[Saved data entries]
......

(* Let $b(\lambda)=\frac14\lambda^4+\frac12p\lambda^2+q\lambda$ with $p<0$, $q\in\mathbb{R}$, let $b^*(\eta)=\sup_{\lambda}[\eta\lambda-b(\lambda)]$, and $A(x,r,\eta)=b(x)+b(r)-\eta(x+r)+2b^*(\eta)$. (1) If $x=\sqrt{-p}$, then for $\eta>q$, $A(x,x,\eta)\approx(\eta-q)^2(1+|\eta|)^{-2/3}$. (2) If $x=-\sqrt{-p}$, then for $\eta<q$, $A(x,x,\eta)\approx(\eta-q)^2(1+|\eta|)^{-2/3}$.
   Context: $X\approx Y$ means $cY\le X\le c^{-1}Y$ for some $c>0$ independent of $\eta$ (it may depend on $p,q$). *)

theory Defs
  imports Complex_Main
begin

definition bfun :: "real \<Rightarrow> real \<Rightarrow> real \<Rightarrow> real" where
  "bfun p q l = l^4 / 4 + p * l^2 / 2 + q * l"

definition bstar :: "real \<Rightarrow> real \<Rightarrow> real \<Rightarrow> real" where
  "bstar p q \<eta> = (SUP l::real. \<eta> * l - bfun p q l)"

definition Afun :: "real \<Rightarrow> real \<Rightarrow> real \<Rightarrow> real \<Rightarrow> real \<Rightarrow> real" where
  "Afun p q x r \<eta> = bfun p q x + bfun p q r - \<eta> * (x + r) + 2 * bstar p q \<eta>"

end

theory Submission
  imports Defs
begin

text \<open>
With \<open>a = sqrt (-p)\<close> and \<open>\<nu> = \<eta> - q\<close> one has
\<open>\<eta> \<lambda> - b \<lambda> = \<nu> (\<lambda> - a) - (\<lambda>\<^sup>2 - a\<^sup>2)\<^sup>2 / 4 + (\<eta> a - b a)\<close>, so
\<open>A(a, a, \<eta>)\<close> is twice the supremum of the tilted double well
\<open>\<nu> s - s\<^sup>2 (s + 2a)\<^sup>2 / 4\<close>, \<open>s = \<lambda> - a\<close>. For small \<open>\<nu>\<close> the term \<open>a\<^sup>2 s\<^sup>2\<close>
dominates and the supremum is of order \<open>\<nu>\<^sup>2\<close>; for large \<open>\<nu>\<close> the term \<open>s\<^sup>4 / 4\<close>
dominates and it is of order \<open>\<nu>\<^bsup>4/3\<^esup>\<close>. Both regimes are captured by
\<open>\<nu>\<^sup>2 (1 + \<nu>)\<^bsup>-2/3\<^esup>\<close>, and \<open>1 + |\<eta> - q|\<close> is comparable to \<open>1 + |\<eta>|\<close> up to
the factor \<open>1 + |q|\<close>. The well at \<open>-sqrt (-p)\<close> reduces to the one at \<open>sqrt (-p)\<close>
by the symmetry \<open>\<lambda> \<mapsto> -\<lambda>\<close>, which turns \<open>b\<close> with parameter \<open>q\<close> into \<open>b\<close> with \<open>-q\<close>.
\<close>

definition tilted_well :: "real \<Rightarrow> real \<Rightarrow> real \<Rightarrow> real" where
  "tilted_well a \<nu> t = \<nu> * (t - a) - (t^2 - a^2)^2 / 4"

lemma tilted_well_shift:
  "tilted_well a \<nu> (a + s) = \<nu> * s - s^2 * (s + 2*a)^2 / 4"
  unfolding tilted_well_def by (simp add: power2_eq_square algebra_simps)

lemma tilted_well_pos_bounds:
  fixes a \<nu> t :: real
  assumes "a > 0" "\<nu> > 0" "tilted_well a \<nu> t > 0"
  shows "0 < t - a" "a^2 * (t - a) + (t - a)^3 / 4 < \<nu>" "tilted_well a \<nu> t \<le> \<nu> * (t - a)"
proof -
  define s where "s = t - a"
  have G: "tilted_well a \<nu> t = \<nu> * s - s^2 * (s + 2*a)^2 / 4"
    using tilted_well_shift[of a \<nu> s] by (simp add: s_def)
  then show "tilted_well a \<nu> t \<le> \<nu> * (t - a)"
    by (simp add: s_def)
  show s_pos: "0 < t - a"
  proof (rule ccontr)
    assume "\<not> 0 < t - a"
    then have "\<nu> * s \<le> 0" using \<open>\<nu> > 0\<close> by (simp add: s_def mult_nonneg_nonpos)
    moreover have "0 \<le> s^2 * (s + 2*a)^2 / 4" by simp
    ultimately show False using G \<open>tilted_well a \<nu> t > 0\<close> by linarith
  qed
  have "0 < s" using s_pos by (simp add: s_def)
  then have "s^2 + 4*a^2 \<le> (s + 2*a)^2"
    using \<open>a > 0\<close> by (simp add: power2_eq_square algebra_simps)
  then have "s^2 * (s^2 + 4*a^2) \<le> s^2 * (s + 2*a)^2"
    by (simp add: mult_left_mono)
  then have "s * (a^2 * s + s^3 / 4) \<le> s^2 * (s + 2*a)^2 / 4"
    by (simp add: power2_eq_square power3_eq_cube algebra_simps)
  then have "s * (a^2 * s + s^3 / 4) < s * \<nu>"
    using G \<open>tilted_well a \<nu> t > 0\<close> by (simp add: algebra_simps)
  then show "a^2 * (t - a) + (t - a)^3 / 4 < \<nu>"
    using s_pos by (simp add: s_def)
qed

lemma tilted_well_le:
  fixes a \<nu> W t :: real
  assumes a: "a > 0" and \<nu>: "\<nu> > 0" and W: "W \<ge> 1" "W^3 = 1 + \<nu>"
  shows "tilted_well a \<nu> t \<le> (2 / a^2 + 4) * \<nu>^2 / W^2"
proof (cases "tilted_well a \<nu> t > 0")
  case False
  moreover have "0 \<le> (2 / a^2 + 4) * \<nu>^2 / W^2" by simp
  ultimately show ?thesis by linarith
next
  case True
  define s where "s = t - a"
  have s: "0 < s" "a^2 * s + s^3 / 4 < \<nu>" "tilted_well a \<nu> t \<le> \<nu> * s"
    using tilted_well_pos_bounds[OF a \<nu> True] by (simp_all add: s_def)
  have W2: "W^2 > 0" using W by simp
  have "s \<le> (2 / a^2 + 4) * \<nu> / W^2"
  proof (cases "\<nu> \<le> 1")
    case True
    have "W^2 \<le> 2"
      using W True power_increasing[of 2 3 W] by simp
    have "a^2 * s < \<nu>"
      using s zero_less_power[OF \<open>0 < s\<close>, of 3] by linarith
    then have "s < \<nu> / a^2"
      using a by (simp add: field_simps mult.commute)
    also have "\<dots> \<le> 2 * \<nu> / (a^2 * W^2)"
      using \<open>W^2 \<le> 2\<close> W2 a \<nu> by (simp add: field_simps)
    also have "\<dots> \<le> (2 / a^2 + 4) * \<nu> / W^2"
      using W2 a \<nu> by (simp add: field_simps)
    finally show ?thesis by simp
  next
    case False
    have "a^2 * s > 0"
      using s a by simp
    then have "s^3 < 4 * \<nu>"
      using s by linarith
    have "s < 2 * W"
    proof (rule ccontr)
      assume "\<not> s < 2 * W"
      then have "(2*W)^3 \<le> s^3" using W by (intro power_mono) auto
      then show False using \<open>s^3 < 4 * \<nu>\<close> W \<nu> by simp
    qed
    also have "2 * W = 2 * W^3 / W^2" using W2 by (simp add: power2_eq_square power3_eq_cube field_simps)
    also have "\<dots> \<le> 4 * \<nu> / W^2" using W False W2 by (simp add: divide_right_mono)
    also have "\<dots> \<le> (2 / a^2 + 4) * \<nu> / W^2" using W2 a \<nu> by (simp add: divide_right_mono)
    finally show ?thesis by simp
  qed
  then have "\<nu> * s \<le> \<nu> * ((2 / a^2 + 4) * \<nu> / W^2)"
    using \<nu> by (intro mult_left_mono) auto
  also have "\<dots> = (2 / a^2 + 4) * \<nu>^2 / W^2"
    by (simp add: power2_eq_square)
  finally show ?thesis
    using s by linarith
qed

lemma tilted_well_ge:
  fixes a \<nu> W :: real
  assumes a: "a > 0" and \<nu>: "\<nu> > 0" and W: "W \<ge> 1" "\<nu> \<le> W^3"
  shows "\<nu>^2 / (2 * (1 + 2*a)^2 * W^2) \<le> tilted_well a \<nu> (a + \<nu> / ((1 + 2*a)^2 * W^2))"
proof -
  define D where "D = (1 + 2*a)^2"
  define s where "s = \<nu> / (D * W^2)"
  have D: "D \<ge> 1" using a by (simp add: D_def)
  have W2: "W^2 > 0" using W by simp
  have s_pos: "s > 0" using \<nu> D W2 by (simp add: s_def)
  have "s \<le> W^3 / (D * W^2)"
    using W D W2 by (simp add: s_def divide_right_mono)
  also have "\<dots> \<le> W"
    using D W2 W by (simp add: power2_eq_square power3_eq_cube field_simps)
  finally have "s \<le> W" .
  moreover have "2*a \<le> 2*a * W"
    using W a by simp
  ultimately have "s + 2*a \<le> (1 + 2*a) * W"
    by (simp add: algebra_simps)
  then have "(s + 2*a)^2 \<le> ((1 + 2*a) * W)^2"
    using s_pos a by (intro power_mono) auto
  then have "(s + 2*a)^2 \<le> D * W^2"
    by (simp add: D_def power_mult_distrib)
  then have "s^2 * (s + 2*a)^2 / 4 \<le> s^2 * (D * W^2) / 4"
    by (simp add: mult_left_mono)
  also have "\<dots> = \<nu> * s / 4"
    using D W2 by (simp add: s_def power2_eq_square field_simps)
  finally have "\<nu> * s / 2 \<le> \<nu> * s - s^2 * (s + 2*a)^2 / 4"
    using mult_pos_pos[OF \<nu> s_pos] by linarith
  moreover have "\<nu> * s / 2 = \<nu>^2 / (2 * D * W^2)"
    by (simp add: s_def power2_eq_square)
  ultimately have "\<nu>^2 / (2 * D * W^2) \<le> \<nu> * s - s^2 * (s + 2*a)^2 / 4"
    by simp
  then show ?thesis
    by (simp add: tilted_well_shift D_def s_def)
qed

......

### YOUR TASK
Could you return exactly the stretch of the data above that starts at the line with "p q l = l^4" and ends at the line with "a \<nu> (a + s)", both lines included?

### OUTPUT
  "bfun p q l = l^4 / 4 + p * l^2 / 2 + q * l"

definition bstar :: "real \<Rightarrow> real \<Rightarrow> real \<Rightarrow> real" where
  "bstar p q \<eta> = (SUP l::real. \<eta> * l - bfun p q l)"

definition Afun :: "real \<Rightarrow> real \<Rightarrow> real \<Rightarrow> real \<Rightarrow> real \<Rightarrow> real" where
  "Afun p q x r \<eta> = bfun p q x + bfun p q r - \<eta> * (x + r) + 2 * bstar p q \<eta>"

end

theory Submission
  imports Defs
begin

text \<open>
With \<open>a = sqrt (-p)\<close> and \<open>\<nu> = \<eta> - q\<close> one has
\<open>\<eta> \<lambda> - b \<lambda> = \<nu> (\<lambda> - a) - (\<lambda>\<^sup>2 - a\<^sup>2)\<^sup>2 / 4 + (\<eta> a - b a)\<close>, so
\<open>A(a, a, \<eta>)\<close> is twice the supremum of the tilted double well
\<open>\<nu> s - s\<^sup>2 (s + 2a)\<^sup>2 / 4\<close>, \<open>s = \<lambda> - a\<close>. For small \<open>\<nu>\<close> the term \<open>a\<^sup>2 s\<^sup>2\<close>
dominates and the supremum is of order \<open>\<nu>\<^sup>2\<close>; for large \<open>\<nu>\<close> the term \<open>s\<^sup>4 / 4\<close>
dominates and it is of order \<open>\<nu>\<^bsup>4/3\<^esup>\<close>. Both regimes are captured by
\<open>\<nu>\<^sup>2 (1 + \<nu>)\<^bsup>-2/3\<^esup>\<close>, and \<open>1 + |\<eta> - q|\<close> is comparable to \<open>1 + |\<eta>|\<close> up to
the factor \<open>1 + |q|\<close>. The well at \<open>-sqrt (-p)\<close> reduces to the one at \<open>sqrt (-p)\<close>
by the symmetry \<open>\<lambda> \<mapsto> -\<lambda>\<close>, which turns \<open>b\<close> with parameter \<open>q\<close> into \<open>b\<close> with \<open>-q\<close>.
\<close>

definition tilted_well :: "real \<Rightarrow> real \<Rightarrow> real \<Rightarrow> real" where
  "tilted_well a \<nu> t = \<nu> * (t - a) - (t^2 - a^2)^2 / 4"

lemma tilted_well_shift:
  "tilted_well a \<nu> (a + s) = \<nu> * s - s^2 * (s + 2*a)^2 / 4"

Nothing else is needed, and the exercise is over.